Das Bad bekam ohnehin eine neue Toilettenschüssel und einen neuen Waschbecken-Ablauf. Zusätzlich gab es jetzt noch neue Armaturen für Badewanne und Waschbecken – diese waren nicht nur völlig verdreckt, sondern auch brüchig.
Das Malern der Wohnung haben wir machen lassen. Da wir auf Grund von anstehender Sanierung in der alten Wohnung nichts machen müssen, haben wir uns den Luxus gegönnt, die neue streichen zu lassen statt es selbst zu machen.
Der Aufbau der neuen Küche hat extrem aufgehalten. Statt einen Tag hat mein Mann drei Tage damit verbracht. Dem entsprechend habe ich die letzten vier Tage nicht nur damit verbracht, alles allein zu packen – sondern musste parallel auch noch das Baby bespaßen.
Ich bin so mega froh, dass der kleine Mann so pflegeleicht ist – und mich größtenteils hat machen lassen!

 


Ein neues Leben

So. Und nun sitze ich hier. Zwischen Kartons. Meinem ganzen, eingepackten Hab und Gut.
Für mich soll der Umzug auch in Neuanfang sein. Es MUSS ein Neuanfang sein – weil ich definitiv nicht so weitermachen kann wie in den letzten Wochen.

 

Und das in vielerlei Hinsicht...
… künftig möchte ich wieder mehr auf mich selbst schauen. Oder überhaupt wieder anfangen, auf mich zu schauen. In den letzten Monaten habe ich primär funktioniert und dafür gesorgt, dass alles läuft.
… ich habe keine Kraft mehr, ständig mit meinem Mann zu streiten. Ich kann es einfach nicht mehr. Ständig dasselbe sagen, um wieder festzustellen, dass es nicht ankommt oder nicht interessiert. Ich werde mich mehr auf mich und die Kinder konzentrieren und ihn machen lassen.
… mein Alltag soll wieder mehr Struktur bekommen. Das hat in den letzten Wochen, natürlich auch bedingt durch den Babymann, alles sehr gelitten.
… auch der Haushalt und unsere Finanzen sollen mehr Struktur bekommen.

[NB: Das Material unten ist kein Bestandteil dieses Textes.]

(* Let $\mathcal C$ be an $(n,k)$ linear code over $\mathrm{GF}(q^m)$ (a $k$-dimensional $\mathrm{GF}(q^m)$-subspace of $\mathrm{GF}(q^m)^n$) and $\mathcal C^\perp$ its dual. Let $W^{\mathrm R}_{\mathcal C}(x,y)=\sum_{i=0}^n A_i y^i x^{n-i}$ and $W^{\mathrm R}_{\mathcal C^\perp}(x,y)=\sum_{j=0}^n B_j y^j x^{n-j}$ be their rank weight enumerators. Then $$W^{\mathrm R}_{\mathcal C^\perp}(x,y)=\frac{1}{|\mathcal C|}\,\bar W^{\mathrm R}_{\mathcal C}\big(x+(q^m-1)y,\;x-y\big),$$ where $\bar W^{\mathrm R}_{\mathcal C}$ is the $q$-transform of $W^{\mathrm R}_{\mathcal C}$; equivalently, $$\sum_{j=0}^n B_j y^j x^{n-j}=q^{-mk}\sum_{i=0}^n A_i\,(x-y)^{[i]} * \big[x+(q^m-1)y\big]^{[n-i]}.$$
   Context: The rank $\mathrm{rk}(\mathbf v)$ of $\mathbf v\in\mathrm{GF}(q^m)^n$ is the maximum number of its coordinates linearly independent over $\mathrm{GF}(q)$. The rank weight enumerator of a code $\mathcal C\subseteq\mathrm{GF}(q^m)^n$ is $W^{\mathrm R}_{\mathcal C}(x,y)=\sum_{\mathbf v\in\mathcal C} y^{\mathrm{rk}(\mathbf v)}x^{n-\mathrm{rk}(\mathbf v)}$. The dual $\mathcal C^\perp$ is taken with respect to the standard inner product $\mathbf u\cdot\mathbf v=\sum_i u_iv_i$ on $\mathrm{GF}(q^m)^n$. $q$-product: consider homogeneous polynomials $a(x,y;m)=\sum_{i=0}^r a_i(m)y^ix^{r-i}$ and $b(x,y;m)=\sum_{j=0}^s b_j(m)y^jx^{s-j}$ whose coefficients are real functions of the parameter $m$ (coefficients with indices out of range are zero). Their $q$-product is the degree-$(r+s)$ homogeneous polynomial $a*b=\sum_{u=0}^{r+s}c_u(m)y^ux^{r+s-u}$ with $c_u(m)=\sum_{i=0}^u q^{is}a_i(m)b_{u-i}(m-i)$. The $q$-powers are $a^{[0]}=1$, $a^{[n]}=a^{[n-1]}*a$. Here $x+(q^m-1)y$ has coefficients $1$ and $q^m-1$ (the latter depending on $m$), and $x-y$ has constant coefficients $1,-1$. The $q$-transform of $a(x,y;m)=\sum_{i=0}^r a_i(m)y^ix^{r-i}$ is $\bar a(x,y;m)=\sum_{i=0}^r a_i(m)\,y^{[i]}*x^{[r-i]}$, and $\bar W(X,Y)$ means this expression with $x$ replaced by $X$ and $y$ by $Y$ (so $\bar W^{\mathrm R}_{\mathcal C}(x+(q^m-1)y,x-y)=\sum_i A_i (x-y)^{[i]}*[x+(q^m-1)y]^{[n-i]}$). *)

theory Defs
  imports Complex_Main
begin

definition is_subfield :: "'a::field set \<Rightarrow> bool" where
  "is_subfield K \<longleftrightarrow> 0 \<in> K \<and> 1 \<in> K \<and>
     (\<forall>a\<in>K. \<forall>b\<in>K. a + b \<in> K \<and> a * b \<in> K) \<and>
     (\<forall>a\<in>K. - a \<in> K) \<and> (\<forall>a\<in>K. a \<noteq> 0 \<longrightarrow> inverse a \<in> K)"

(* vectors of GF(q^m)^n are functions nat => 'a vanishing outside {..<n} *)
definition vecs :: "nat \<Rightarrow> (nat \<Rightarrow> 'a::zero) set" where
  "vecs n = {v. \<forall>i\<ge>n. v i = 0}"

definition lin_indep_over :: "'a::field set \<Rightarrow> ('b \<Rightarrow> 'a) \<Rightarrow> 'b set \<Rightarrow> bool" where
  "lin_indep_over S f I \<longleftrightarrow>
     (\<forall>c. (\<forall>i\<in>I. c i \<in> S) \<and> (\<Sum>i\<in>I. c i * f i) = 0 \<longrightarrow> (\<forall>i\<in>I. c i = 0))"

definition rk :: "'a::field set \<Rightarrow> nat \<Rightarrow> (nat \<Rightarrow> 'a) \<Rightarrow> nat" where
  "rk K n v = Max {card I | I. I \<subseteq> {..<n} \<and> lin_indep_over K v I}"

definition vadd :: "(nat \<Rightarrow> 'a::field) \<Rightarrow> (nat \<Rightarrow> 'a) \<Rightarrow> nat \<Rightarrow> 'a" where
  "vadd u v = (\<lambda>i. u i + v i)"

definition vscale :: "'a::field \<Rightarrow> (nat \<Rightarrow> 'a) \<Rightarrow> nat \<Rightarrow> 'a" where
  "vscale c v = (\<lambda>i. c * v i)"

definition vlincomb :: "(nat \<Rightarrow> 'a::field) \<Rightarrow> (nat \<Rightarrow> nat \<Rightarrow> 'a) \<Rightarrow> nat \<Rightarrow> nat \<Rightarrow> 'a" where
  "vlincomb c b k = (\<lambda>i. \<Sum>j<k. c j * b j i)"

definition linear_code :: "nat \<Rightarrow> nat \<Rightarrow> (nat \<Rightarrow> 'a::field) set \<Rightarrow> bool" where
  "linear_code n k C \<longleftrightarrow> C \<subseteq> vecs n \<and>
     (\<exists>b. (\<forall>j<k. b j \<in> vecs n) \<and>
          (\<forall>c. vlincomb c b k = (\<lambda>_. 0) \<longrightarrow> (\<forall>j<k. c j = 0)) \<and>
          C = {vlincomb c b k | c. True})"

definition dual_code :: "nat \<Rightarrow> (nat \<Rightarrow> 'a::field) set \<Rightarrow> (nat \<Rightarrow> 'a) set" where
  "dual_code n C = {v \<in> vecs n. \<forall>u\<in>C. (\<Sum>i<n. u i * v i) = 0}"

definition rank_dist :: "'a::field set \<Rightarrow> nat \<Rightarrow> (nat \<Rightarrow> 'a) set \<Rightarrow> nat \<Rightarrow> nat" where
  "rank_dist K n C i = card {v \<in> C. rk K n v = i}"

(* (r, a): degree r, coefficients a i m of y^i x^(r-i), as real functions of the real parameter m *)
type_synonym hpoly = "nat \<times> (nat \<Rightarrow> real \<Rightarrow> real)"

definition hcoeff :: "hpoly \<Rightarrow> nat \<Rightarrow> real \<Rightarrow> real" where
  "hcoeff p i m = (if i \<le> fst p then snd p i m else 0)"

definition heval :: "hpoly \<Rightarrow> real \<Rightarrow> real \<Rightarrow> real \<Rightarrow> real" where
  "heval p m x y = (\<Sum>u\<le>fst p. hcoeff p u m * y ^ u * x ^ (fst p - u))"

definition qprod :: "nat \<Rightarrow> hpoly \<Rightarrow> hpoly \<Rightarrow> hpoly" where
  "qprod q a b = (fst a + fst b,
     \<lambda>u m. \<Sum>i\<le>u. real q ^ (i * fst b) * hcoeff a i m * hcoeff b (u - i) (m - real i))"

definition hone :: hpoly where "hone = (0, \<lambda>i m. 1)"

fun qpow :: "nat \<Rightarrow> hpoly \<Rightarrow> nat \<Rightarrow> hpoly" where
  "qpow q a 0 = hone"
| "qpow q a (Suc n) = qprod q (qpow q a n) a"

definition x_minus_y :: hpoly where
  "x_minus_y = (1, \<lambda>i m. if i = 0 then 1 else -1)"

definition x_plus_qm1_y :: "nat \<Rightarrow> hpoly" where
  "x_plus_qm1_y q = (1, \<lambda>i m. if i = 0 then 1 else real q powr m - 1)"

(* \<bar>W\<bar>(X,Y) for W = \<Sum>_{i\<le>n} A_i y^i x^(n-i): \<Sum> A_i Y^[i] * X^[n-i] *)
definition qtransform_at :: "nat \<Rightarrow> nat \<Rightarrow> (nat \<Rightarrow> real) \<Rightarrow> hpoly \<Rightarrow> hpoly \<Rightarrow> hpoly" where
  "qtransform_at q n A X Y =
     (n, \<lambda>u m. \<Sum>i\<le>n. A i * hcoeff (qprod q (qpow q Y i) (qpow q X (n - i))) u m)"

end

theory Submission
  imports Defs "HOL-Library.FuncSet" "HOL-Library.Function_Algebras"
begin

text \<open>
  Let K = GF(q) and F = GF(q^m). For a t-dimensional subspace W of K^n, its F-span in F^n has
  q^(tm) elements and the same F-orthogonal complement as W. Double counting orthogonal pairs
  between C and this F-span gives
  |C| #{v in dual C. v orthogonal to the K-complement of W} = q^(tm) #{c in C. c orthogonal to W}.
  A vector v of rank r is orthogonal to W iff W lies in the K-kernel of w |-> w.v, which has
  dimension n - r. So summing over all W turns both sides into Gaussian moments
  sum_i A_i [n-i, t]_q and sum_j B_j [n-j, n-t]_q of the two rank distributions.
  On the polynomial side, the functional a |-> sum_j [r-j, s]_q a_j turns q-multiplication by x - y
  and by x + (q^m - 1) y into shifts in s. This gives the same moments of the q-transform in
  closed form. Because the matrix ([n-j, s]_q) is unitriangular, the moments determine B.
\<close>

section \<open>Gaussian binomial coefficients\<close>

(* The number of ordered s-tuples of linearly independent vectors in GF(q)^d. *)
definition gauss_prod :: "nat \<Rightarrow> nat \<Rightarrow> nat \<Rightarrow> real" where
  "gauss_prod q d s = (\<Prod>k<s. real q ^ d - real q ^ k)"

definition gauss_binom :: "nat \<Rightarrow> nat \<Rightarrow> nat \<Rightarrow> real" where
  "gauss_binom q d s = gauss_prod q d s / gauss_prod q s s"

lemma gauss_prod_Suc: "gauss_prod q d (Suc s) = gauss_prod q d s * (real q ^ d - real q ^ s)"
  by (simp add: gauss_prod_def)

lemma gauss_prod_Suc_Suc:
  "gauss_prod q (Suc d) (Suc s) = (real q ^ Suc d - 1) * real q ^ s * gauss_prod q d s"
proof -
  have "gauss_prod q (Suc d) (Suc s) =
      (real q ^ Suc d - 1) * (\<Prod>k<s. real q * (real q ^ d - real q ^ k))"
    unfolding gauss_prod_def prod.lessThan_Suc_shift by (simp add: algebra_simps)
  also have "(\<Prod>k<s. real q * (real q ^ d - real q ^ k)) = real q ^ s * gauss_prod q d s"
    by (simp add: gauss_prod_def prod.distrib)
  finally show ?thesis by simp
qed

lemma gauss_prod_eq_0: "d < s \<Longrightarrow> gauss_prod q d s = 0"
  unfolding gauss_prod_def by (rule prod_zero) auto

lemma gauss_prod_nonzero:
  assumes "q \<ge> 2" "s \<le> d"
  shows "gauss_prod q d s \<noteq> 0"
proof -
  have "real q ^ k < real q ^ d" if "k < s" for k
    using assms that by (intro power_strict_increasing) auto
  then have "real q ^ d - real q ^ k \<noteq> 0" if "k < s" for k
    using that by (metis less_irrefl right_minus_eq)
  then show ?thesis unfolding gauss_prod_def by simp
qed

lemma gauss_binom_0 [simp]: "gauss_binom q d 0 = 1"
  by (simp add: gauss_binom_def gauss_prod_def)

lemma gauss_binom_eq_0: "d < s \<Longrightarrow> gauss_binom q d s = 0"
  by (simp add: gauss_binom_def gauss_prod_eq_0)

lemma gauss_binom_self: "q \<ge> 2 \<Longrightarrow> gauss_binom q d d = 1"
  using gauss_prod_nonzero[of q d d] by (simp add: gauss_binom_def)

lemma gauss_binom_Suc_Suc_eq:
  assumes "q \<ge> 2"
  shows "gauss_binom q (Suc d) (Suc s) = (real q ^ Suc d - 1) / (real q ^ Suc s - 1) * gauss_binom q d s"
  using gauss_prod_nonzero[OF assms order_refl, of s] assms
  by (simp add: gauss_binom_def gauss_prod_Suc_Suc)

lemma gauss_binom_Suc_right:
  assumes "q \<ge> 2"
  shows "gauss_binom q d (Suc s) =
    (real q ^ d - real q ^ s) / (real q ^ s * (real q ^ Suc s - 1)) * gauss_binom q d s"
proof -
  have "real q ^ Suc s - 1 > 0"
    using assms by (simp add: one_less_power del: power_Suc)
  then show ?thesis
    using gauss_prod_nonzero[OF assms order_refl, of s] assms
    unfolding gauss_binom_def gauss_prod_Suc[of q d s] gauss_prod_Suc_Suc[of q s s]
    by (simp add: field_simps)
qed

lemma gauss_binom_pascal:
  assumes "q \<ge> 2"
  shows "gauss_binom q (Suc d) (Suc s) = real q ^ Suc s * gauss_binom q d (Suc s) + gauss_binom q d s"
proof -
  have "real q ^ Suc s - 1 > 0"
    using assms by (simp add: one_less_power del: power_Suc)
  then show ?thesis
    unfolding gauss_binom_Suc_Suc_eq[OF assms] gauss_binom_Suc_right[OF assms, of d s] using assms
    by (simp add: field_simps)
qed

lemma gauss_binom_pascal':
  assumes "q \<ge> 2"
  shows "gauss_binom q (Suc d) (Suc s) = gauss_binom q d (Suc s) + real q ^ (d - s) * gauss_binom q d s"
proof (cases "s \<le> d")
  case True
  have "real q ^ Suc s - 1 > 0"
    using assms by (simp add: one_less_power del: power_Suc)
  moreover have "real q ^ d = real q ^ (d - s) * real q ^ s"
    using True by (simp flip: power_add)
  ultimately show ?thesis
    unfolding gauss_binom_Suc_Suc_eq[OF assms] gauss_binom_Suc_right[OF assms, of d s] using assms
    by (simp add: field_simps)
next
  case False
  then show ?thesis by (simp add: gauss_binom_eq_0)
qed
(* In the setting below, suppose $n\ge 3$ and let $p,q\in X$ with $S_p\cup S_q=E$ and $S_p\cap S_q=\{e_k\}$. If $|S_p|\ge 3$ and $|S_q|\ge 3$, then any strange index of $p$ or of $q$ equals $e_k$. If $|S_p|=2$, then any strange index of $q$ equals $e_k$.
   Context: Setting: $E=\{e_0,\dots,e_n\}\subset\mathbb R^n$ is the vertex set of an $n$-simplex with $e_0+\cdots+e_n=0$, and $X\subset\mathbb R^n\setminus\{0\}$ is a finite set with $E\subseteq X$, no element of $X$ a positive multiple of another, such that every $n+1$ points of $X$ are in good position. (A finite set $A$ is in conical position if $0\notin\operatorname{conv}A$ and no point of $A$ lies in the positive hull—set of nonnegative linear combinations—of the other points; it is in good position otherwise.) For $p\in X$, the support $S_p$ is the minimal subset of $E$ whose positive hull contains $p$; then $p=\sum_{e_i\in S_p}\lambda_ie_i$ uniquely with all $\lambda_i>0$. Convention: each $p\in X$ is replaced by the positive multiple for which $\min_{e_i\in S_p}\lambda_i=1$. An element $e_j\in S_p$ is a strange index of $p$ if $\lambda_j>1$ (under these hypotheses there is at most one). *)

theory Defs
  imports "HOL-Analysis.Analysis"
begin

definition pos_hull :: "'a::real_vector set \<Rightarrow> 'a set" where
  "pos_hull A = {(\<Sum>a\<in>A. c a *\<^sub>R a) | c. \<forall>a\<in>A. 0 \<le> c a}"

definition conical_position :: "'a::real_vector set \<Rightarrow> bool" where
  "conical_position A \<longleftrightarrow> 0 \<notin> convex hull A \<and> (\<forall>a\<in>A. a \<notin> pos_hull (A - {a}))"

definition good_position :: "'a::real_vector set \<Rightarrow> bool" where
  "good_position A \<longleftrightarrow> \<not> conical_position A"

definition support :: "'a::real_vector set \<Rightarrow> 'a \<Rightarrow> 'a set" where
  "support E p = (THE S. S \<subseteq> E \<and> p \<in> pos_hull S \<and> (\<forall>T. T \<subset> S \<longrightarrow> p \<notin> pos_hull T))"

text \<open>e is a strange index of p: writing p = sum of lambda_i e_i over the support with all
  lambda_i > 0, after rescaling so that the minimal coefficient is 1, lambda_e > 1.
  Equivalently (scale invariance) lambda_e exceeds the minimum coefficient.\<close>
definition strange_index :: "'a::real_vector set \<Rightarrow> 'a \<Rightarrow> 'a \<Rightarrow> bool" where
  "strange_index E p e \<longleftrightarrow> e \<in> support E p \<and>
     (\<exists>l. p = (\<Sum>x\<in>support E p. l x *\<^sub>R x) \<and> (\<forall>x\<in>support E p. 0 < l x) \<and>
          (\<exists>c>0. Min ((\<lambda>x. c * l x) ` support E p) = 1 \<and> c * l e > 1))"

end

theory Submission
  imports Defs
begin

text \<open>Since the vertices of E sum to zero, the coefficients of a point with respect to E are unique
  up to an additive constant; normalising their minimum to 0, the support of p is where they are
  positive, and a strange index of p is a support vertex whose coefficient is not minimal on the
  support. Suppose a strange index e of p differs from the common vertex k; take x in S_p with
  smaller coefficient than e, a in S_p distinct from k and e, and b in S_q distinct from k.
  Comparing the coefficients of e, a and k, one of the (n+1)-point subsets of X
  (E - {x}) + p, (E - {k}) + p or (E - {a, b}) + p + q is in conical position: every linear
  relation among its points, with at most one negative coefficient, is trivial.\<close>

lemma conical_positionI:
  fixes A :: "'a::real_vector set"
  assumes "finite A"
    and trivial: "\<And>d t. t \<in> A \<Longrightarrow> (\<Sum>y\<in>A. d y *\<^sub>R y) = 0 \<Longrightarrow> (\<forall>y\<in>A - {t}. 0 \<le> d y)
                    \<Longrightarrow> \<forall>y\<in>A. d y = 0"
  shows "conical_position A"
  unfolding conical_position_def
proof (intro conjI ballI notI)
  assume "0 \<in> convex hull A"
  then obtain u where u: "\<forall>x\<in>A. 0 \<le> u x" "sum u A = 1" "(\<Sum>x\<in>A. u x *\<^sub>R x) = 0"
    using convex_hull_finite[OF \<open>finite A\<close>] by auto
  then have "A \<noteq> {}" by auto
  then obtain t where "t \<in> A" by blast
  then have "\<forall>y\<in>A. u y = 0" using trivial[OF _ u(3)] u(1) by blast
  with u(2) show False by simp
next
  fix a assume a: "a \<in> A" and "a \<in> pos_hull (A - {a})"
  then obtain c where c: "\<forall>y\<in>A - {a}. 0 \<le> c y" "a = (\<Sum>y\<in>A - {a}. c y *\<^sub>R y)"
    unfolding pos_hull_def by blast
  define d where "d = c(a := -1)"
  have "(\<Sum>y\<in>A. d y *\<^sub>R y) = d a *\<^sub>R a + (\<Sum>y\<in>A - {a}. d y *\<^sub>R y)"
    using \<open>finite A\<close> a by (simp add: sum.remove)
  also have "(\<Sum>y\<in>A - {a}. d y *\<^sub>R y) = (\<Sum>y\<in>A - {a}. c y *\<^sub>R y)"
    by (rule sum.cong) (auto simp: d_def)
  also have "\<dots> = a" using c(2) by simp
  finally have "(\<Sum>y\<in>A. d y *\<^sub>R y) = 0" by (simp add: d_def)
  moreover have "\<forall>y\<in>A - {a}. 0 \<le> d y" using c(1) by (simp add: d_def)
  ultimately have "d a = 0" using trivial a by blast
  then show False by (simp add: d_def)
qed

locale centred_simplex =
  fixes E :: "'a::euclidean_space set"
  assumes finite_E: "finite E" and independent_E: "\<not> affine_dependent E" and sum_E: "\<Sum>E = 0"

locale full_centred_simplex = centred_simplex E for E :: "'a::euclidean_space set" +
  assumes card_E: "card E = DIM('a) + 1"

context centred_simplex
begin

lemma linear_relation_constant:
  assumes rel: "(\<Sum>z\<in>E. u z *\<^sub>R z) = 0" and "x \<in> E" "y \<in> E"
  shows "u x = u y"
proof -
  \<comment> \<open>shifting u by its mean keeps the relation (as \<Sum>E = 0) and makes it an affine dependence\<close>
  define t where "t = sum u E / card E"
  have "card E > 0" using \<open>x \<in> E\<close> finite_E card_gt_0_iff by blast
  then have "sum (\<lambda>z. u z - t) E = 0"
    by (simp add: sum_subtractf t_def)
  moreover have "(\<Sum>z\<in>E. (u z - t) *\<^sub>R z) = 0"
    using rel sum_E by (simp add: scaleR_diff_left sum_subtractf flip: scaleR_sum_right)
  ultimately have "\<forall>z\<in>E. u z - t = 0"
    using independent_E affine_dependent_explicit_finite[OF finite_E] by blast
  then show ?thesis using assms by auto
qed

lemma coords_diff_constant:
  assumes "(\<Sum>z\<in>E. u z *\<^sub>R z) = (\<Sum>z\<in>E. v z *\<^sub>R z)" and "x \<in> E" "y \<in> E"
  shows "u x - v x = u y - v y"
proof (rule linear_relation_constant[OF _ assms(2,3)])
  show "(\<Sum>z\<in>E. (u z - v z) *\<^sub>R z) = 0"
    using assms(1) by (simp add: scaleR_diff_left sum_subtractf)
qed

lemma sum_restrict_scaleR:
  assumes "S \<subseteq> E"
  shows "(\<Sum>z\<in>E. (if z \<in> S then f z else 0) *\<^sub>R z) = (\<Sum>z\<in>S. f z *\<^sub>R z)"
proof -
  have "(\<Sum>z\<in>E. (if z \<in> S then f z else 0) *\<^sub>R z) = (\<Sum>z\<in>E. if z \<in> S then f z *\<^sub>R z else 0)"
    by (rule sum.cong) auto
  also have "\<dots> = (\<Sum>z\<in>S. f z *\<^sub>R z)"
    using sum.inter_restrict[OF finite_E, of "\<lambda>z. f z *\<^sub>R z" S] assms by (simp add: Int_absorb1)
  finally show ?thesis .
qed

lemma relation_in_coords:
  assumes "finite P" "P \<inter> E = {}"
    and coords: "\<And>y. y \<in> P \<Longrightarrow> y = (\<Sum>z\<in>E. c y z *\<^sub>R z)"
    and rel: "(\<Sum>y\<in>P \<union> (E - D). d y *\<^sub>R y) = 0" and "x \<in> E" "x' \<in> E"
  shows "(\<Sum>y\<in>P. d y * c y x) + (if x \<in> D then 0 else d x)
       = (\<Sum>y\<in>P. d y * c y x') + (if x' \<in> D then 0 else d x')"
proof (rule linear_relation_constant[OF _ \<open>x \<in> E\<close> \<open>x' \<in> E\<close>])
  have "(\<Sum>z\<in>E. ((\<Sum>y\<in>P. d y * c y z) + (if z \<in> D then 0 else d z)) *\<^sub>R z)
      = (\<Sum>y\<in>P. d y *\<^sub>R (\<Sum>z\<in>E. c y z *\<^sub>R z)) + (\<Sum>y\<in>E - D. d y *\<^sub>R y)"
  proof -
    have "(\<Sum>z\<in>E. (if z \<in> D then 0 else d z) *\<^sub>R z) = (\<Sum>y\<in>E - D. d y *\<^sub>R y)"
      unfolding sum_restrict_scaleR[OF Diff_subset, symmetric] by (rule sum.cong) auto
    then show ?thesis
      by (simp add: scaleR_add_left sum.distrib scaleR_sum_left scaleR_sum_right sum.swap[of _ E])
  qed
  also have "(\<Sum>y\<in>P. d y *\<^sub>R (\<Sum>z\<in>E. c y z *\<^sub>R z)) = (\<Sum>y\<in>P. d y *\<^sub>R y)"
    by (rule sum.cong) (simp_all add: coords[symmetric])
  also have "(\<Sum>y\<in>P. d y *\<^sub>R y) + (\<Sum>y\<in>E - D. d y *\<^sub>R y) = (\<Sum>y\<in>P \<union> (E - D). d y *\<^sub>R y)"
    using assms(1,2) finite_E by (intro sum.union_disjoint[symmetric]) auto
  also have "\<dots> = 0" by (rule rel)
  finally show "(\<Sum>z\<in>E. ((\<Sum>y\<in>P. d y * c y z) + (if z \<in> D then 0 else d z)) *\<^sub>R z) = 0" .
qed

ich möchte wieder mehr auch mit den beiden großen Kindern machen. Die Kinder wieder früher aus der Kita abholen. Seit der Schwangerschaft mit Kind 3, in der ich bei Weitem nicht so konnte wie ich gerne gewollt hätte, hat die gemeinsame Zeit unter der Woche doch sehr gelitten. Wobei ich auch weis, dass meine Jungs gerne in die Kita gehen und die Zeit dort genießen.

wenn die neue Wohnung fertig ist und ich mich damit nicht mehr beschäftigen muss, möchte ich endlich das Projekt „Abnehmen 2.0“ in Angriff nehmen. Ich ertrage einfach mein Spiegelbild nicht mehr und will mich selbst wieder geil finden. Mindestens 30kg müssen runter, besser 40kg.

 
Ich bin sehr gespannt, was davon wirklich umgesetzt wird bzw. wann ich dann was in Angriff nehme. Und was an neuen, unvorhergesehenen Problemen dazwischen kommt. Aktuell bin ich noch sehr motiviert. Aber jetzt muss erstmal der Umzug gut über die Bühne gehen.
Die beiden Großen sind das ganze Wochenende bei den Großeltern. Ich werde morgen früh mit dem Babymann rüber fahren und schonmal die Küche einräumen. Und das Bad schrubben – da der Installateur erst gestern da war, haben wir das bisher gelassen.
Schleppen dürfen die großen, starken Männer. Ich habe leider schon beim Hin- und Hertragen der Kartons hier in der Wohnung gemerkt, dass der letzte Kaiserschnitt noch nicht so lange her ist – ich würde mir keinen Gefallen tun, wenn ich morgen mit tragen würde.

Und dann starten wir morgen in einen neuen, hoffentlich besseren, Lebensabschnitt.